FREIBURG, Germany ? Twenty years old seems a bit young for an identity crisis, but it appears I am smack in the middle of one. Oddly, my confusion does not stem from any personal questions — rather, from a question of which nation I belong in.
Since last September, I have been studying abroad in Freiburg, a small city in southwest Germany. Each day is an adventure, whether it involves calling resident management to fix my telephone, asking a professor a simple question after class or even grocery shopping. Simple tasks requiring little to no thought in the States are a project in a foreign land.

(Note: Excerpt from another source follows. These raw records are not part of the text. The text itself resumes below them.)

lemma gw_vertex_event:
  "{\<omega>. u \<in> gw_tree \<omega> \<and> \<omega> u \<in> B} \<in> sets (gw_space p)"
  "emeasure (gw_space p) {\<omega>. u \<in> gw_tree \<omega> \<and> \<omega> u \<in> B}
    = emeasure (measure_pmf p) B * vertex_weight p u"
proof -
  define J where "J = (\<lambda>j. take j u) ` {..<length u}"
  define A where "A = (\<lambda>v. if v = u then B else {x. u ! length v < x})"
  have take_ne: "take j u \<noteq> u" if "j < length u" for j
    using that by (metis length_take less_irrefl min.absorb4)
  have inj: "inj_on (\<lambda>j. take j u) {..<length u}"
    by (rule inj_onI) (metis lessThan_iff length_take min.absorb4)
  have fin: "finite (insert u J)" and uJ: "u \<notin> J"
    unfolding J_def using take_ne by (auto dest: sym)
  have eq: "{\<omega>. u \<in> gw_tree \<omega> \<and> \<omega> u \<in> B} = {\<omega>. \<forall>v\<in>insert u J. \<omega> v \<in> A v}"
    unfolding mem_gw_tree_iff J_def A_def using take_ne by auto
  show "{\<omega>. u \<in> gw_tree \<omega> \<and> \<omega> u \<in> B} \<in> sets (gw_space p)"
    unfolding eq by (rule emeasure_gw_space_cylinder(1)[OF fin])
  have "emeasure (gw_space p) {\<omega>. u \<in> gw_tree \<omega> \<and> \<omega> u \<in> B}
      = (\<Prod>v\<in>insert u J. emeasure (measure_pmf p) (A v))"
    unfolding eq by (rule emeasure_gw_space_cylinder(2)[OF fin])
  also have "\<dots> = emeasure (measure_pmf p) B * (\<Prod>v\<in>J. emeasure (measure_pmf p) (A v))"
    using fin uJ by (simp add: A_def)
  also have "(\<Prod>v\<in>J. emeasure (measure_pmf p) (A v)) = vertex_weight p u"
    unfolding J_def prod.reindex[OF inj] vertex_weight_def pmf_tail_def
    using take_ne by (intro prod.cong) (auto simp: A_def)
  finally show "emeasure (gw_space p) {\<omega>. u \<in> gw_tree \<omega> \<and> \<omega> u \<in> B}
      = emeasure (measure_pmf p) B * vertex_weight p u" .
qed

lemma offspring_mean_nonneg:
  assumes "summable (\<lambda>k. real k * pmf p k)"
  shows "0 \<le> offspring_mean p"
  unfolding offspring_mean_def using assms by (intro suminf_nonneg) auto

lemma nn_integral_offspring_mean:
  assumes "summable (\<lambda>k. real k * pmf p k)"
  shows "(\<integral>\<^sup>+k. of_nat k \<partial>measure_pmf p) = ennreal (offspring_mean p)"
proof -
  have "(\<integral>\<^sup>+k. of_nat k \<partial>measure_pmf p) = (\<integral>\<^sup>+k. ennreal (real k * pmf p k) \<partial>count_space UNIV)"
    unfolding nn_integral_measure_pmf
    by (intro nn_integral_cong) (simp add: ennreal_mult' ennreal_of_nat_eq_real_of_nat mult.commute)
  also have "\<dots> = ennreal (offspring_mean p)"
    unfolding nn_integral_count_space_nat offspring_mean_def
    by (rule suminf_ennreal2) (auto simp: assms)
  finally show ?thesis .
qed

Thus, for the past four months, I have been working hard to assimilate myself to the German lifestyle. But no matter how hard I try to assimilate — to figure Germany out — my nationality precedes itself. I have realized if I stay in Germany for one year or 100, I will always see this country through an American pair of spectacles. Before I left for Germany, I promised myself to take it on its own terms. Despite this, sometimes I cannot make sense of the why. Why Germans do some things they do leaves me completely and utterly stumped.
Germans are known as methodical and orderly people, but I have found many aspects of Germany to be contrary to its reputation. My fellow Badgers, the luxuries we enjoy at Madison! Pre-registration for university courses is unheard of in Freiburg. If 80 kids show up for the first class, professors, usually about 15 to 20 minutes late for class, will commonly say, “Next time, only 40 of you come back!” Or, as I have experienced, the professor might throw you out of class straight away.
Dear Madisonians, do not take the University Book Store or the Underground Textbook Exchange for granted. No such bookstores exist here in Freiburg. It would be very methodical for professors to order an appropriate number of textbooks for their classes prior to the semester, but if a bookstore has no copies of a certain book needed for one class, each student must come in separately to order his or her own copy.
A surprising difference from America came in my living situation. I live in Germany’s version of public dorms. I live in an apartment called a Wohngemeinschaft with seven other students. At 20 years old, I am the youngest by three years. All eight of us have our own room, and we share a large kitchen. The way the rooms were assigned, I share a bathroom with three boys, which would never occur in American dorms. (By the grace of God, they are the three cleanest, most polite boys I have ever met.)
While my best friends in Madison are the kids I met in the dorms, my friends in Freiburg primarily do not live in my dorm. To my amusement, my dorm complex centers on a two-story bar instead of a cafeteria. It is as if Ed’s Express in Gordon Commons were a bar. It would be quite a frosty day in hell when an American dorm complex was built around a bar.
Although I have loved (almost) every moment of my stay in Germany, I was excited to fly home to Chicago to spend the holidays with my family and see my friends. After one semester where each day is an adventure, I was glad to embrace America and all the normality that comes with her. I have America figured out; I can do America.
Just as my life had been moving forward in Germany, life had been flying along in America. When I left, my little sister was still a baby in my eyes; now she seems practically grown up. She likes fashion now and has plans on weekend nights. With my friends I felt strange catching up on an entire semester I had no part of.
Also, I had to adjust back to the American way of life. More than once I caught myself thinking in irritation, “This would never happen in Germany!” A 65 mile-an-hour speed limit on the interstate? Ridiculous. Germans enjoy driving more than 100 miles an hour on the Autobahn. Eating day-old bread? Disgusting. Germans buy fresh bread every day. As I had been enjoying the German drinking laws for the past four months, I absentmindedly picked up a six-pack of beer at the grocery store, forgetting that I am still five months shy of my 21st birthday. Even speaking was difficult; I was constantly using German vocabulary and phrases in English sentences.
For two weeks, I, a girl predefined for an entire semester by her nationality, was stumbling around her own nation, homesick for a foreign land. Now I am glad to be back in Germany, yet still lonely at times for my American home.
Joan Cleven ([email protected]) is a junior majoring in English literature and German literature.